* **RECORDS PROVIDED**:
******************************
lemma L0_holomorphic: "L0 holomorphic_on ball 0 b"
proof -
  have "(\<lambda>u. Ln (1 + u / of_real b)) holomorphic_on ball 0 b"
  proof (rule holomorphic_on_Ln')
    fix u :: complex
    assume "u \<in> ball 0 b"
    then have "\<bar>Re u\<bar> < b"
      using abs_Re_le_cmod le_less_trans by fastforce
    then have "Re (1 + u / of_real b) > 0"
      using b_pos by (simp add: field_simps)
    then show "1 + u / of_real b \<notin> \<real>\<^sub>\<le>\<^sub>0"
      by (auto simp: complex_nonpos_Reals_iff)
  qed (use b_pos in \<open>auto intro!: holomorphic_intros\<close>)
  then show ?thesis
    by (simp add: L0_def [abs_def])
qed

lemma E0_L0:
  assumes "norm u < b"
  shows "E0 (L0 u) = u"
proof -
  have "norm (u / of_real b) < 1"
    using assms b_pos by (simp add: norm_divide)
  then have "1 + u / of_real b \<noteq> 0"
    by (metis add_eq_0_iff norm_minus_cancel norm_one less_irrefl)
  then show ?thesis
    using b_pos by (simp add: E0_def L0_def field_simps)
qed

lemma L0_E0:
  assumes "\<bar>Im t\<bar> < pi"
  shows "L0 (E0 t) = t"
  using assms b_pos by (simp add: E0_def L0_def)

lemma funpow_L0_bound:
  assumes "norm u \<le> rad"
  shows "norm ((L0 ^^ n) u) \<le> rho ^ n * norm u"
proof (induction n)
  case 0
  then show ?case by simp
next
  case (Suc n)
  have "rho ^ n * norm u \<le> norm u"
    using rho_pos rho_lt_1 by (simp add: mult_left_le_one_le power_le_one)
  then have "norm ((L0 ^^ n) u) \<le> rad"
    using Suc assms by linarith
  then have "norm ((L0 ^^ Suc n) u) \<le> rho * norm ((L0 ^^ n) u)"
    by (simp add: L0_contract)
  also have "\<dots> \<le> rho * (rho ^ n * norm u)"
    using Suc rho_pos by (simp add: mult_left_mono)
  finally show ?case
    by simp
qed

lemma funpow_L0_le:
  assumes "norm u \<le> rad"
  shows "norm ((L0 ^^ n) u) \<le> norm u"
proof -
  have "rho ^ n * norm u \<le> norm u"
    using rho_pos rho_lt_1 by (simp add: mult_left_le_one_le power_le_one)
  then show ?thesis
    using funpow_L0_bound[OF assms, of n] by linarith
qed

lemma funpow_L0_holomorphic: "(L0 ^^ n) holomorphic_on cball 0 rad"
proof (induction n)
  case 0
  then show ?case by (simp add: id_def)
next
  case (Suc n)
  have "cball 0 rad \<subseteq> ball 0 b"
    using rad_le_half_b b_pos by auto
  moreover have "(L0 ^^ n) ` cball 0 rad \<subseteq> cball 0 rad"
    by (auto intro: order_trans[OF funpow_L0_le])
  ultimately have "(L0 \<circ> (L0 ^^ n)) holomorphic_on cball 0 rad"
    by (intro holomorphic_on_compose_gen[OF Suc holomorphic_on_subset[OF L0_holomorphic]])
  then show ?case
    by (simp add: o_def)
qed

lemma E0_holomorphic: "E0 holomorphic_on A"
  unfolding E0_def [abs_def] by (intro holomorphic_intros)

lemma funpow_E0_holomorphic: "(E0 ^^ n) holomorphic_on A"
proof (induction n)
  case 0
  then show ?case by (simp add: id_def)
next
  case (Suc n)
  have "(E0 \<circ> (E0 ^^ n)) holomorphic_on A"
    by (rule holomorphic_on_compose_gen[OF Suc E0_holomorphic]) auto
  then show ?case
    by (simp add: o_def)
qed

definition koenigs_seq :: "nat \<Rightarrow> complex \<Rightarrow> complex" where
  "koenigs_seq n u = of_real b ^ n * (L0 ^^ n) u"

definition koenigs_step :: "nat \<Rightarrow> complex \<Rightarrow> complex" where
  "koenigs_step i u = koenigs_seq (Suc i) u - koenigs_seq i u"

definition koenigs :: "complex \<Rightarrow> complex" where
  "koenigs u = u + (\<Sum>i. koenigs_step i u)"

lemma koenigs_step_bound:
  assumes "norm u \<le> rad"
  shows "norm (koenigs_step i u) \<le> 2 / b * norm u ^ 2 * q ^ i"
proof -
  define v where "v = (L0 ^^ i) u"
  have v_le: "norm v \<le> rho ^ i * norm u"
    unfolding v_def using assms by (rule funpow_L0_bound)
  have v_half: "norm v \<le> b/2"
    using funpow_L0_le[OF assms, of i] assms rad_le_half_b by (simp add: v_def)
  have "koenigs_step i u = of_real b ^ Suc i * (L0 v - v / of_real b)"
    using b_pos by (simp add: koenigs_step_def koenigs_seq_def v_def field_simps)
  then have "norm (koenigs_step i u) = b ^ Suc i * norm (L0 v - v / of_real b)"
    using b_pos by (simp add: norm_mult norm_power)
  also have "\<dots> \<le> b ^ Suc i * (2 * norm v ^ 2 / b ^ 2)"
    using L0_linear_approx[OF v_half] b_pos by (intro mult_left_mono) auto
  also have "\<dots> \<le> b ^ Suc i * (2 * (rho ^ i * norm u) ^ 2 / b ^ 2)"
    using v_le b_pos by (intro mult_left_mono divide_right_mono power_mono) auto
  also have "\<dots> = 2 / b * norm u ^ 2 * q ^ i"
    using b_pos by (simp add: q_def power_mult_distrib power2_eq_square field_simps
        power_mult[symmetric])
  finally show ?thesis .
qed

lemma summable_geometric_q: "summable (\<lambda>i. c * q ^ i)"
  using q_pos q_lt_1 by (intro summable_mult summable_geometric) simp

lemma summable_norm_koenigs_step:
  assumes "norm u \<le> rad"
  shows "summable (\<lambda>i. norm (koenigs_step i u))"
  by (rule summable_comparison_test'[OF summable_geometric_q[of "2 / b * norm u ^ 2"]])
    (use koenigs_step_bound[OF assms] in auto)

lemma koenigs_seq_tendsto:
  assumes "norm u \<le> rad"
  shows "(\<lambda>n. koenigs_seq n u) \<longlonglongrightarrow> koenigs u"
proof -
  have "koenigs_seq n u = u + (\<Sum>i<n. koenigs_step i u)" for n
    unfolding koenigs_step_def by (subst sum_lessThan_telescope) (simp add: koenigs_seq_def)
  moreover have "(\<lambda>n. u + (\<Sum>i<n. koenigs_step i u)) \<longlonglongrightarrow> koenigs u"
    using summable_norm_cancel[OF summable_norm_koenigs_step[OF assms]]
    unfolding koenigs_def by (intro tendsto_add tendsto_const summable_LIMSEQ)
  ultimately show ?thesis
    by simp
qed

lemma koenigs_0 [simp]: "koenigs 0 = 0"
proof -
  have "(L0 ^^ n) 0 = 0" for n
    by (induction n) auto
  then have "(\<lambda>n. koenigs_seq n 0) \<longlonglongrightarrow> 0"
    by (simp add: koenigs_seq_def)
  then show ?thesis
    using koenigs_seq_tendsto[of 0] rad_pos LIMSEQ_unique by auto
qed

lemma koenigs_near_id:
  assumes "norm u \<le> rad"
  shows "norm (koenigs u - u) \<le> 2 / (b * (1 - q)) * norm u ^ 2"
proof -
  have "norm (koenigs u - u) \<le> (\<Sum>i. norm (koenigs_step i u))"
    unfolding koenigs_def using summable_norm[OF summable_norm_koenigs_step[OF assms]] by simp
  also have "\<dots> \<le> (\<Sum>i. 2 / b * norm u ^ 2 * q ^ i)"
    using koenigs_step_bound[OF assms]
    by (intro suminf_le summable_norm_koenigs_step[OF assms] summable_geometric_q)
  also have "\<dots> = 2 / (b * (1 - q)) * norm u ^ 2"
    using q_pos q_lt_1 by (subst suminf_mult) (auto simp: suminf_geometric)
  finally show ?thesis .
qed

lemma koenigs_L0:
  assumes "norm u \<le> rad"
  shows "koenigs (L0 u) = koenigs u / of_real b"
proof -
  have "norm (L0 u) \<le> rad"
    using L0_contract[OF assms] rho_pos rho_lt_1 assms
    by (smt (verit, best) mult_left_le_one_le norm_ge_zero)
  then have "(\<lambda>n. koenigs_seq n (L0 u)) \<longlonglongrightarrow> koenigs (L0 u)"
    by (rule koenigs_seq_tendsto)
  moreover have "koenigs_seq n (L0 u) = koenigs_seq (Suc n) u / of_real b" for n
    using b_pos by (simp add: koenigs_seq_def funpow_Suc_right del: funpow.simps)
  moreover have "(\<lambda>n. koenigs_seq (Suc n) u / of_real b) \<longlonglongrightarrow> koenigs u / of_real b"
    using LIMSEQ_Suc[OF koenigs_seq_tendsto[OF assms]] using b_pos by (intro tendsto_divide tendsto_const) auto
  ultimately show ?thesis
    using LIMSEQ_unique by auto
qed

lemma koenigs_holomorphic: "koenigs holomorphic_on ball 0 rad"
proof -
  have uniform: "uniform_limit (cball 0 rad) (\<lambda>n u. \<Sum>i<n. koenigs_step i u)
      (\<lambda>u. \<Sum>i. koenigs_step i u) sequentially"
  proof (rule Weierstrass_m_test[OF _ summable_geometric_q[of "2 / b * rad ^ 2"]])
    fix n u
    assume "u \<in> cball (0::complex) rad"
    then have u: "norm u \<le> rad"
      by simp
    then have "norm (koenigs_step n u) \<le> 2 / b * norm u ^ 2 * q ^ n"
      by (rule koenigs_step_bound)
    also have "\<dots> \<le> 2 / b * rad ^ 2 * q ^ n"
      using u b_pos q_pos by (intro mult_right_mono mult_left_mono power_mono) auto
    finally show "norm (koenigs_step n u) \<le> 2 / b * rad ^ 2 * q ^ n" .
  qed
  have partial_sums: "(\<lambda>u. \<Sum>i<n. koenigs_step i u) holomorphic_on cball 0 rad" for n
    unfolding koenigs_step_def koenigs_seq_def
    by (intro holomorphic_intros funpow_L0_holomorphic)
  then have "\<forall>\<^sub>F n in sequentially. continuous_on (cball 0 rad) (\<lambda>u. \<Sum>i<n. koenigs_step i u)
      \<and> (\<lambda>u. \<Sum>i<n. koenigs_step i u) holomorphic_on ball 0 rad"
    by (intro always_eventually allI conjI holomorphic_on_imp_continuous_on partial_sums
        holomorphic_on_subset[OF partial_sums] ball_subset_cball)
  then have "(\<lambda>u. \<Sum>i. koenigs_step i u) holomorphic_on ball 0 rad"
    using holomorphic_uniform_limit[OF _ uniform] by auto
  then show ?thesis
    unfolding koenigs_def [abs_def] by (intro holomorphic_intros)
qed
******************************
* **TASK DIRECTIONS**:
From the listing above, return the lines starting at the one with "u) \<le> 2 / b * rad" and ending at the one with "rad) (\<lambda>u. \<Sum>i<n. koenigs_step i u)", both kept, exactly as they appear and nothing more.

* **ANSWER SPACE**:
    finally show "norm (koenigs_step n u) \<le> 2 / b * rad ^ 2 * q ^ n" .
  qed
  have partial_sums: "(\<lambda>u. \<Sum>i<n. koenigs_step i u) holomorphic_on cball 0 rad" for n
    unfolding koenigs_step_def koenigs_seq_def
    by (intro holomorphic_intros funpow_L0_holomorphic)
  then have "\<forall>\<^sub>F n in sequentially. continuous_on (cball 0 rad) (\<lambda>u. \<Sum>i<n. koenigs_step i u)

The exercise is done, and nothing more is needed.